**WHAT TO DO:** Set out exactly every line of the entries below, starting at the line that holds "(\<forall>g\<in>Aut F. \<forall>x\<in>topspace" and stopping after the line that holds "most \<open>d\<close> points.".

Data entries
____
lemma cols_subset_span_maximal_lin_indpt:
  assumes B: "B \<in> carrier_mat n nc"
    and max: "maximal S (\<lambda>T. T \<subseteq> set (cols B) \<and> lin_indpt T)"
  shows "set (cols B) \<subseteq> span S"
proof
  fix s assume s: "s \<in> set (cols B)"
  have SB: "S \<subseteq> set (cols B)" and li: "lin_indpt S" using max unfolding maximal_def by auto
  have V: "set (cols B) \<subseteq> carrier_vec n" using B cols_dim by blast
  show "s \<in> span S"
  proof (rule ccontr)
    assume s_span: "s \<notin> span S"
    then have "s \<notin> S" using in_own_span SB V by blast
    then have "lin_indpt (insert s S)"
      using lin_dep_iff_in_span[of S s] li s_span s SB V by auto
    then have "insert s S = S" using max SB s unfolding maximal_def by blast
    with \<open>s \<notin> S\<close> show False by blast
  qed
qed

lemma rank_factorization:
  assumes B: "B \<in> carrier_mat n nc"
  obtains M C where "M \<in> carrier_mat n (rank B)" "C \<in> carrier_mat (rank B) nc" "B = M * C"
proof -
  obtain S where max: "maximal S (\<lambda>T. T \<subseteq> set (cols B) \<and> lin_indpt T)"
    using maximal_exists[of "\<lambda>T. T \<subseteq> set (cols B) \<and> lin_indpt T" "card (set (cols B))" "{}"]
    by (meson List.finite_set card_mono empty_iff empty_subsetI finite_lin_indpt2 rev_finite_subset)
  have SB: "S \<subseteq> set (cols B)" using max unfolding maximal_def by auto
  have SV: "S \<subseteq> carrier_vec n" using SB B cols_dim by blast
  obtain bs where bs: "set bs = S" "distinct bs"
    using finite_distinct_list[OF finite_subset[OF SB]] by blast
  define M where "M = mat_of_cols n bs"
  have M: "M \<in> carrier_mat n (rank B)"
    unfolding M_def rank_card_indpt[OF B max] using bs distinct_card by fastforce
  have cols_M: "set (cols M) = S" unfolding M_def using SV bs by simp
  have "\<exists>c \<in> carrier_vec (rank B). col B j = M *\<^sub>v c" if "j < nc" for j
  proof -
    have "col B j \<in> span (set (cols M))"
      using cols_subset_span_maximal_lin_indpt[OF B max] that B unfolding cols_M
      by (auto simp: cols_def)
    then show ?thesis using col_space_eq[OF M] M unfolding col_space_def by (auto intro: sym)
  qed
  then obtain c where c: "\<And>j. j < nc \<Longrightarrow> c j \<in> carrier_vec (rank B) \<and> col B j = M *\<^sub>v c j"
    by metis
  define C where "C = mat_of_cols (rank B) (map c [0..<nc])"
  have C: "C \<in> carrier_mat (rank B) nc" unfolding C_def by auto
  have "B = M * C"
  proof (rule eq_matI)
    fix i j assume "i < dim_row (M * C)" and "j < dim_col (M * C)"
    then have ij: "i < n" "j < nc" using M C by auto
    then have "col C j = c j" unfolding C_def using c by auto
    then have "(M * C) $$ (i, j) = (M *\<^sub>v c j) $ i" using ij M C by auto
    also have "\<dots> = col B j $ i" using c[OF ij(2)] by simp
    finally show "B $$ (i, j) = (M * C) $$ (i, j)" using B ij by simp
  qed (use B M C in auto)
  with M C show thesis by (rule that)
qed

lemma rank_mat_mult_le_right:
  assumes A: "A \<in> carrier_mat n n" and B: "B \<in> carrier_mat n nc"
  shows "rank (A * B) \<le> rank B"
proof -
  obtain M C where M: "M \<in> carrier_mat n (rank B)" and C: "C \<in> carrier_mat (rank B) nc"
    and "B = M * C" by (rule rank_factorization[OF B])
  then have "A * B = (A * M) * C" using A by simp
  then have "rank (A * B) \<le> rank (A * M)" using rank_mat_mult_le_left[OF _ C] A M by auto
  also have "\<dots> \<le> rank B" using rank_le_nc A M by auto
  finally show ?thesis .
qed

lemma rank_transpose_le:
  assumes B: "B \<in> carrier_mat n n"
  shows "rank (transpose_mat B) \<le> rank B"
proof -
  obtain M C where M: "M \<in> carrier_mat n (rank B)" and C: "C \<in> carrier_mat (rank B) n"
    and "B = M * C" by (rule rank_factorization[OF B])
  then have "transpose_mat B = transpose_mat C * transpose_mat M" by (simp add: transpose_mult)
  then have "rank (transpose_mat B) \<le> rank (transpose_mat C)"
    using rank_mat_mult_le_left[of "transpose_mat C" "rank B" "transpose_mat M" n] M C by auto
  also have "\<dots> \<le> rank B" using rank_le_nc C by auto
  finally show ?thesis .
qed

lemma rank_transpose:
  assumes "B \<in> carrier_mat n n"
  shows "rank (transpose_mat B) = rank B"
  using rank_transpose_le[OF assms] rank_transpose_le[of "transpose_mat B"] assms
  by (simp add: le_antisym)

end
____
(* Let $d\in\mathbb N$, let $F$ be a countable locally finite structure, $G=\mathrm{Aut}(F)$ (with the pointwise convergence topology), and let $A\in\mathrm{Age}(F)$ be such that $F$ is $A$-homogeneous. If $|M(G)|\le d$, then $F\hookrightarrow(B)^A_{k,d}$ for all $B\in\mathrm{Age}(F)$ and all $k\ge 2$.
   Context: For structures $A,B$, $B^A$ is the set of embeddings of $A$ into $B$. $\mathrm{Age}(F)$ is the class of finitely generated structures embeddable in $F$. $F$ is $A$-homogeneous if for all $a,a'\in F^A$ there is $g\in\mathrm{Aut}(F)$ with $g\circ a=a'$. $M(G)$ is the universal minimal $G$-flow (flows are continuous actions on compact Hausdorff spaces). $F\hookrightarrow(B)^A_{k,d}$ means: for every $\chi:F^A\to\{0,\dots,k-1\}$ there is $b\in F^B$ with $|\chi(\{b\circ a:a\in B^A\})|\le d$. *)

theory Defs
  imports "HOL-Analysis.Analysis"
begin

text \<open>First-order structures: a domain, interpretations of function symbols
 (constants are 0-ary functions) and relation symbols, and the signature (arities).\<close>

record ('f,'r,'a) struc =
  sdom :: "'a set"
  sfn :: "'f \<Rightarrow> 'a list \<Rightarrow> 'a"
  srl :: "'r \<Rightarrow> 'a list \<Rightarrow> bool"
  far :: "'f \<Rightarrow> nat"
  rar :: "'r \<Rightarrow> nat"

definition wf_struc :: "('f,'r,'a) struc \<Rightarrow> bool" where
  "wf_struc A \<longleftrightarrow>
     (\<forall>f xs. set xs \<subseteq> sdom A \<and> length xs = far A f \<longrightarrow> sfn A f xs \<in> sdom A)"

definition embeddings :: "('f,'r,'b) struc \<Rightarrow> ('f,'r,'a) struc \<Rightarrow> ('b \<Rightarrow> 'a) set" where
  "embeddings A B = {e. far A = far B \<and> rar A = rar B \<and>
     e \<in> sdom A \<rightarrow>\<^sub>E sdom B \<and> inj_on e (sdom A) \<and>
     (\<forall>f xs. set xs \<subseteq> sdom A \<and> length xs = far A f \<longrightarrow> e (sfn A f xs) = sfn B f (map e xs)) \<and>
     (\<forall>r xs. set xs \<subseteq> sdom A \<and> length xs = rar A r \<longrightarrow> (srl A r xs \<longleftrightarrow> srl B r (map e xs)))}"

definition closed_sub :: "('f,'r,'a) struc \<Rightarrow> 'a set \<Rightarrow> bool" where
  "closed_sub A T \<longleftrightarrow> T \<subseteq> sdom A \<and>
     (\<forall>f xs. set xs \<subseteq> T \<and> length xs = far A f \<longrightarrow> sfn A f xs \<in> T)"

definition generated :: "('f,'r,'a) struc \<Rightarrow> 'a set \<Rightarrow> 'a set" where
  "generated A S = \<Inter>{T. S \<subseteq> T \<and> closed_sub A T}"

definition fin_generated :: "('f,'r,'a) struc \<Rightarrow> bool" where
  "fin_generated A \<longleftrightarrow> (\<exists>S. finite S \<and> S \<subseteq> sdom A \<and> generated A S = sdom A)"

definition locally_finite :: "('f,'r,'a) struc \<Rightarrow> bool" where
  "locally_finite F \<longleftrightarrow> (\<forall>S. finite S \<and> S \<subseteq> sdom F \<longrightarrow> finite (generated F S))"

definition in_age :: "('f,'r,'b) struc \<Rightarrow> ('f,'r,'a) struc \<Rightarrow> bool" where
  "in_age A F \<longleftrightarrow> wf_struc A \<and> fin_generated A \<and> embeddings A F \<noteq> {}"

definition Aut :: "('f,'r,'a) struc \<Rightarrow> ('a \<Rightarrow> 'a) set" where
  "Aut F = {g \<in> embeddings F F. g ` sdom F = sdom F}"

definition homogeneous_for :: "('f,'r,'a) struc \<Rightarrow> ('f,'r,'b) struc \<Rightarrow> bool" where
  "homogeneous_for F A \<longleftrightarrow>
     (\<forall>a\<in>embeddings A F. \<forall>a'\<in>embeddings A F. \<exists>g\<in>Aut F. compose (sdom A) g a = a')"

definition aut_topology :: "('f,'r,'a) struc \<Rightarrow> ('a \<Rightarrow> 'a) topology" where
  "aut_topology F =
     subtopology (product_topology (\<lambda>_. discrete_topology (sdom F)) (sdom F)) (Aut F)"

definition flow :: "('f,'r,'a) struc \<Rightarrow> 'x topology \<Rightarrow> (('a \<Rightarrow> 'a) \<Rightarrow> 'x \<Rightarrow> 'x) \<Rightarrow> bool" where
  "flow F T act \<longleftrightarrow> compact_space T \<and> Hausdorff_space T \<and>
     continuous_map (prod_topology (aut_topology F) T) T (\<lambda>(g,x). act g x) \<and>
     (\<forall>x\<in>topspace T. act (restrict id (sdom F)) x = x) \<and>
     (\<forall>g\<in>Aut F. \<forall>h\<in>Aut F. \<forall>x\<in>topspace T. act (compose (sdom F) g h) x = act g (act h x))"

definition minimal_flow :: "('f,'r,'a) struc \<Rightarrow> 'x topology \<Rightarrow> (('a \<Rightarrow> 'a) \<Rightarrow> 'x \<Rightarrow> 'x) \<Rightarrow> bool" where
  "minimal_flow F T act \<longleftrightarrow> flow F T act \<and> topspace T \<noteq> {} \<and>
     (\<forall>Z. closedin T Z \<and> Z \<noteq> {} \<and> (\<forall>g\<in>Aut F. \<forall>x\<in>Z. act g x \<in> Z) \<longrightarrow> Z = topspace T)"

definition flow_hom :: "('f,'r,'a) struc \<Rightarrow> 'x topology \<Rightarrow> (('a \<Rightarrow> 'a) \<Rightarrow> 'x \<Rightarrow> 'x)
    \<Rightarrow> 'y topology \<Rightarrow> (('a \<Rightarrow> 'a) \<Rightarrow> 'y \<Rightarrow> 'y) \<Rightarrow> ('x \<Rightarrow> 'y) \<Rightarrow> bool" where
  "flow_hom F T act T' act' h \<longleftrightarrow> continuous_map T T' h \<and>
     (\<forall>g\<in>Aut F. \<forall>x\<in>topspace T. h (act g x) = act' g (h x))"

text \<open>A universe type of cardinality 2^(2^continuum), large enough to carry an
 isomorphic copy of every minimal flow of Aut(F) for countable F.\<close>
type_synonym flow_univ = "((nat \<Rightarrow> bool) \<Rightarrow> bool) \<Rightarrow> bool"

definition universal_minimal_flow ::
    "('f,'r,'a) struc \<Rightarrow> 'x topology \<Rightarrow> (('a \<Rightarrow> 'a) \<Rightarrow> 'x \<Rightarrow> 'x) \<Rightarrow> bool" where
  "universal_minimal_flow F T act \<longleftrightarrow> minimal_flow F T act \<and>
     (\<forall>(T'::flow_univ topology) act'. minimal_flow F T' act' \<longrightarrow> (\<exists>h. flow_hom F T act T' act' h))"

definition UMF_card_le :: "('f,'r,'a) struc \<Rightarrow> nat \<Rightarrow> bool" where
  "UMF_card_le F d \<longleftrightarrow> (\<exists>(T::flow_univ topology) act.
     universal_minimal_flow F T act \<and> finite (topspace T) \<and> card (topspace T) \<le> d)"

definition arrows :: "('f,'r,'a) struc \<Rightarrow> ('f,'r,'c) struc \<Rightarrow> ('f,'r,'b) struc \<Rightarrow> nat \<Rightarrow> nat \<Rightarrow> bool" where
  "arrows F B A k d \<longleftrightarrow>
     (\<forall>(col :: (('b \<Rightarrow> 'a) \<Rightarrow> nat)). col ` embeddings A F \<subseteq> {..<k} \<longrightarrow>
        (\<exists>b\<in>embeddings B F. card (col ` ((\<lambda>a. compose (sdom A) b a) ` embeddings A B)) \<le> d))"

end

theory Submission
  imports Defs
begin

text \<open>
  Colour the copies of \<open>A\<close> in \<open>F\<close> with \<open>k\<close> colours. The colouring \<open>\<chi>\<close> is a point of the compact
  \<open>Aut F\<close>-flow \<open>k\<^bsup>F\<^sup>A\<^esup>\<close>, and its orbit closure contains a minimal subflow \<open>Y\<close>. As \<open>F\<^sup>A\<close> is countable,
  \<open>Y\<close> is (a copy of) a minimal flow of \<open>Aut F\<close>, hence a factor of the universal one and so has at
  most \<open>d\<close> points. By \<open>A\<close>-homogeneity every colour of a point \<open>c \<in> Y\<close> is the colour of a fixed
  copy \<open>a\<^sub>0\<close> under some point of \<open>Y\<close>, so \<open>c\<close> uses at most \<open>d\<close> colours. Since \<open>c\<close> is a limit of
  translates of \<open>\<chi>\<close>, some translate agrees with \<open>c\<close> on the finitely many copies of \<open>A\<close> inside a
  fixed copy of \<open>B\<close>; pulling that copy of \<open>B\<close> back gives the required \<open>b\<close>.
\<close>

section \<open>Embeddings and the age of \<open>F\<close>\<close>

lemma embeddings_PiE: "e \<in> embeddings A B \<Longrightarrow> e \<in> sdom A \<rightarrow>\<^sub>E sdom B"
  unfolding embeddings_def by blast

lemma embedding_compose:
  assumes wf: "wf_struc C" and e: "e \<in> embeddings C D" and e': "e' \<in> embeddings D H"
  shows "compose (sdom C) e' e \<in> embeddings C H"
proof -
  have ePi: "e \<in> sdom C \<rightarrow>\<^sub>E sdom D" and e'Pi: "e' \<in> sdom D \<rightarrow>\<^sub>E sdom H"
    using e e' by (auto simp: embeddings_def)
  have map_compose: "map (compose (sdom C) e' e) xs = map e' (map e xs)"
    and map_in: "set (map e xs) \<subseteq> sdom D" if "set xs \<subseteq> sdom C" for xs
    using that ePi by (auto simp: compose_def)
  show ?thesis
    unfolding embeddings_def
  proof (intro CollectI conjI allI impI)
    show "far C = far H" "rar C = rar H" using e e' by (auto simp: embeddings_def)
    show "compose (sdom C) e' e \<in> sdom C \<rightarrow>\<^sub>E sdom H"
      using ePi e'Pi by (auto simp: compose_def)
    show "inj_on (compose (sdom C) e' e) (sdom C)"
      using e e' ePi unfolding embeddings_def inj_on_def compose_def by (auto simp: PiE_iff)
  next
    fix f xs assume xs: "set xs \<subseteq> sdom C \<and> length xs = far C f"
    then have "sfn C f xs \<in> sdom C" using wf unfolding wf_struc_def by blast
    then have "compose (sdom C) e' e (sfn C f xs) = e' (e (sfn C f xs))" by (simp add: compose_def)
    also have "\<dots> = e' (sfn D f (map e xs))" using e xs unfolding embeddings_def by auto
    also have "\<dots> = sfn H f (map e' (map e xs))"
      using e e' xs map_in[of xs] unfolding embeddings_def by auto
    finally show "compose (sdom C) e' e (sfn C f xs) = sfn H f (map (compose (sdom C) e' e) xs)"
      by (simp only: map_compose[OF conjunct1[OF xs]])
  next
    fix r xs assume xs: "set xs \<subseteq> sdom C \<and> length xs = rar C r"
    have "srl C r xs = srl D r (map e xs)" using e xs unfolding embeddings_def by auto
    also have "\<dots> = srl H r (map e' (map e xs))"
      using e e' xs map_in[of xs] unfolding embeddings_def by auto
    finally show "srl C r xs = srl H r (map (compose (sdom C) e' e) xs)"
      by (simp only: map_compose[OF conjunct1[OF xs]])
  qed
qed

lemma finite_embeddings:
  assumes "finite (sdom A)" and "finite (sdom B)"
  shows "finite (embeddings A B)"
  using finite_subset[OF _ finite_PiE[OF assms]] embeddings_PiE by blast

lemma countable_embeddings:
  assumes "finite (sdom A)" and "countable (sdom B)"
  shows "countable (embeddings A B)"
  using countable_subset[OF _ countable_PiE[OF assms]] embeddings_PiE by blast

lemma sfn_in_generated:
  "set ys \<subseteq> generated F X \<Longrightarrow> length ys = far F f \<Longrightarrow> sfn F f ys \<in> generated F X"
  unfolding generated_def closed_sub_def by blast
____
**TASK ANSWER:**
     (\<forall>g\<in>Aut F. \<forall>x\<in>topspace T. h (act g x) = act' g (h x))"

text \<open>A universe type of cardinality 2^(2^continuum), large enough to carry an
 isomorphic copy of every minimal flow of Aut(F) for countable F.\<close>
type_synonym flow_univ = "((nat \<Rightarrow> bool) \<Rightarrow> bool) \<Rightarrow> bool"

definition universal_minimal_flow ::
    "('f,'r,'a) struc \<Rightarrow> 'x topology \<Rightarrow> (('a \<Rightarrow> 'a) \<Rightarrow> 'x \<Rightarrow> 'x) \<Rightarrow> bool" where
  "universal_minimal_flow F T act \<longleftrightarrow> minimal_flow F T act \<and>
     (\<forall>(T'::flow_univ topology) act'. minimal_flow F T' act' \<longrightarrow> (\<exists>h. flow_hom F T act T' act' h))"

definition UMF_card_le :: "('f,'r,'a) struc \<Rightarrow> nat \<Rightarrow> bool" where
  "UMF_card_le F d \<longleftrightarrow> (\<exists>(T::flow_univ topology) act.
     universal_minimal_flow F T act \<and> finite (topspace T) \<and> card (topspace T) \<le> d)"

definition arrows :: "('f,'r,'a) struc \<Rightarrow> ('f,'r,'c) struc \<Rightarrow> ('f,'r,'b) struc \<Rightarrow> nat \<Rightarrow> nat \<Rightarrow> bool" where
  "arrows F B A k d \<longleftrightarrow>
     (\<forall>(col :: (('b \<Rightarrow> 'a) \<Rightarrow> nat)). col ` embeddings A F \<subseteq> {..<k} \<longrightarrow>
        (\<exists>b\<in>embeddings B F. card (col ` ((\<lambda>a. compose (sdom A) b a) ` embeddings A B)) \<le> d))"

end

theory Submission
  imports Defs
begin

text \<open>
  Colour the copies of \<open>A\<close> in \<open>F\<close> with \<open>k\<close> colours. The colouring \<open>\<chi>\<close> is a point of the compact
  \<open>Aut F\<close>-flow \<open>k\<^bsup>F\<^sup>A\<^esup>\<close>, and its orbit closure contains a minimal subflow \<open>Y\<close>. As \<open>F\<^sup>A\<close> is countable,
  \<open>Y\<close> is (a copy of) a minimal flow of \<open>Aut F\<close>, hence a factor of the universal one and so has at
  most \<open>d\<close> points. By \<open>A\<close>-homogeneity every colour of a point \<open>c \<in> Y\<close> is the colour of a fixed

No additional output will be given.